Si amaneciera convertido, sin saberlo o merecerlo en un Robinson del siglo 21.

Si solo tuviera unos minutos para recoger y llevar recuerdos necesarios, objetos y presencias que hicieran soportable mi destierro, ¿Que llevar conmigo a la carrera, qué tomar y apretar contra mi pecho en noches frías, solitarias?

Una foto inmensa de mi madre, sus te quieros, sus palabras de aliento, su alegría. Su certeza de que todo estará bien, mientras el amor exista.

Algún que otro de mis escritos para repasarlos y mejorarlos en soledades duras y desiertas. Llevaría plumas y hojas en blanco. Acumularía historias y experiencias, en frenesí de letras y de musas. Los guardaría en un sobre inmenso, sobre él escribiría, Desde el destierro.

Pediría, de ser posible, plantaran en la isla un par de palmas, una ceiba, girasoles. Me gustaría llevaran colibríes, tocororos, un perro. Una cotorra, para escuchar palabras, aunque sean las mías repetidas.

Llevaría conmigo un par de olas rompiendo contra el muro de la Habana, su fuerza, su olor, su espuma blanca. Un rayo de sol de un amanecer en mi Habana, una brisa de verano, dos lunas llenas.

Guardaría fotos y palabras de amigos, sus abrazos, sus promesas de verme pronto, sin importar destierros, lejanías. Mis amigos no soportarían estar sin verme, romperían las reglas del destierro.

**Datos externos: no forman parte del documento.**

lemma C2_fun_nvec_derivative:
  fixes fc :: "real^'n \<Rightarrow> real"
  assumes "C2_fun fc"
  obtains Dn \<beta> where "\<And>q. (nvec fc has_derivative Dn q) (at q)"
    "\<And>q h. norm (Dn q h) \<le> \<beta> q * norm h" "\<And>q. 0 \<le> \<beta> q" "continuous_on UNIV \<beta>"
proof -
  obtain f' :: "real^'n \<Rightarrow> ((real^'n) \<Rightarrow>\<^sub>L real)" and f'' where
    f': "\<And>q. (fc has_derivative blinfun_apply (f' q)) (at q)" and
    f'': "\<And>q. (f' has_derivative blinfun_apply (f'' q)) (at q)" and "continuous_on UNIV f''"
    using assms unfolding C2_fun_def C1_fun_def by blast
  have "nvec fc = (\<lambda>q. \<chi> i. f' q (axis i 1))"
    using has_derivative_gradient(1)[OF f'] by (simp add: nvec_def fun_eq_iff)
  moreover have "((\<lambda>q. \<chi> i. f' q (axis i 1)) has_derivative (\<lambda>h. \<chi> i. f'' q h (axis i 1))) (at q)" for q
    by (intro has_derivative_vec_lambda blinfun.FDERIV[OF f'' has_derivative_const, simplified])
  moreover have "norm (\<chi> i. f'' q h (axis i 1)) \<le> (real CARD('n) * norm (f'' q)) * norm h" for q h
  proof -
    have "norm (\<chi> i. f'' q h (axis i 1)) \<le> (\<Sum>i\<in>UNIV. \<bar>f'' q h (axis i 1)\<bar>)"
      using norm_le_l1_cart[of "\<chi> i. f'' q h (axis i 1)"] by simp
    also have "\<dots> \<le> (\<Sum>i\<in>(UNIV::'n set). norm (f'' q) * norm h)"
    proof (rule sum_mono)
      fix i :: 'n
      have "\<bar>f'' q h (axis i 1)\<bar> \<le> norm (f'' q h) * norm (axis i (1::real))"
        using norm_blinfun[of "f'' q h" "axis i 1"] by simp
      also have "\<dots> \<le> norm (f'' q) * norm h" by (simp add: norm_blinfun)
      finally show "\<bar>f'' q h (axis i 1)\<bar> \<le> norm (f'' q) * norm h" .
    qed
    finally show ?thesis by simp
  qed
  moreover have "continuous_on UNIV (\<lambda>q. real CARD('n) * norm (f'' q))"
    by (intro continuous_intros) fact
  ultimately show ?thesis by (intro that) auto
qed

lemma C2_fun_has_derivative_nvec:
  "C2_fun fc \<Longrightarrow> (fc has_derivative (\<lambda>h. nvec fc q \<bullet> h)) (at q)"
  unfolding C2_fun_def C1_fun_def nvec_def using has_derivative_gradient(2) by blast

lemma phi_eq:
  assumes "\<And>q. (nvec fc has_derivative Dn q) (at q)"
  shows "phi fv fc q v w = nvec fc q \<bullet> fv q v w + Dn q v \<bullet> v"
proof -
  have "frechet_derivative (\<lambda>p. nvec fc p \<bullet> v) (at q) = (\<lambda>h. Dn q h \<bullet> v)"
    using frechet_derivative_at[OF has_derivative_inner_left[OF assms]] by simp
  then show ?thesis by (simp add: phi_def)
qed

lemma continuous_on_nvec: "C2_fun fc \<Longrightarrow> continuous_on UNIV (nvec fc)"
  by (elim C2_fun_nvec_derivative)
    (metis continuous_at_imp_continuous_on has_derivative_continuous)

lemma has_derivative_c1:
  assumes "C2_fun fc"
  shows "(c1 fc has_derivative (\<lambda>H. nvec fc (fst Y) \<bullet> fst H)) (at Y)"
  unfolding c1_def[abs_def]
  by (rule has_derivative_compose[OF has_derivative_fst[OF has_derivative_ident]
        C2_fun_has_derivative_nvec[OF assms]])

lemma has_derivative_c2:
  assumes "\<And>q. (nvec fc has_derivative Dn q) (at q)"
  shows "(c2 fc has_derivative
           (\<lambda>H. nvec fc (fst Y) \<bullet> fst (snd H) + Dn (fst Y) (fst H) \<bullet> fst (snd Y))) (at Y)"
proof -
  have "((\<lambda>Y. nvec fc (fst Y)) has_derivative (\<lambda>H. Dn (fst Y) (fst H))) (at Y)"
    by (rule has_derivative_compose[OF has_derivative_fst[OF has_derivative_ident] assms])
  moreover have "((\<lambda>Y. fst (snd Y)) has_derivative (\<lambda>H. fst (snd H))) (at Y)"
    for Y :: "(real^'n) \<times> (real^'n) \<times> real"
    by (intro has_derivative_fst has_derivative_snd has_derivative_ident)
  ultimately show ?thesis
    unfolding c2_def[abs_def] by (rule has_derivative_inner)
qed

Para protegerme de fríos y tormentas, una inmensa bandera tricolor. Su estrella alumbraría las noches más oscuras, asegurando amaneceres y retornos.

No llevaría ropas ni relojes, andaría desnudo por la isla. Vestido de recuerdos y de sueños, soportaría fríos e inclemencias.

Unos libros de Martí, Loynaz, Arenas. Unos discos de Elena, Pablo, Ivette. Un fouetté de Charìn, una Rosa en su esplendor y su belleza.

Un beso de amor, un buen orgasmo, para noches de ganas y abstinencias.

Hasta una balsa, por si una noche me crecen las bolas que no tuve en los 90s y me hago balsero y me libero.

Un saco enorme de café, que me alcanzara para colar cada mañana la esperanza. Poder tomarme mi café, sorbo a sorbito, mientras me digo; esto termina pronto. Mi madre, mis amigos, hasta La Habana, vendrán muy pronto a rescatarme. No temen a poderes absolutos, a voces tronantes o decretos; el amor los alienta y los sostiene, se bastan para rescatarme o venir a quedarse conmigo para siempre.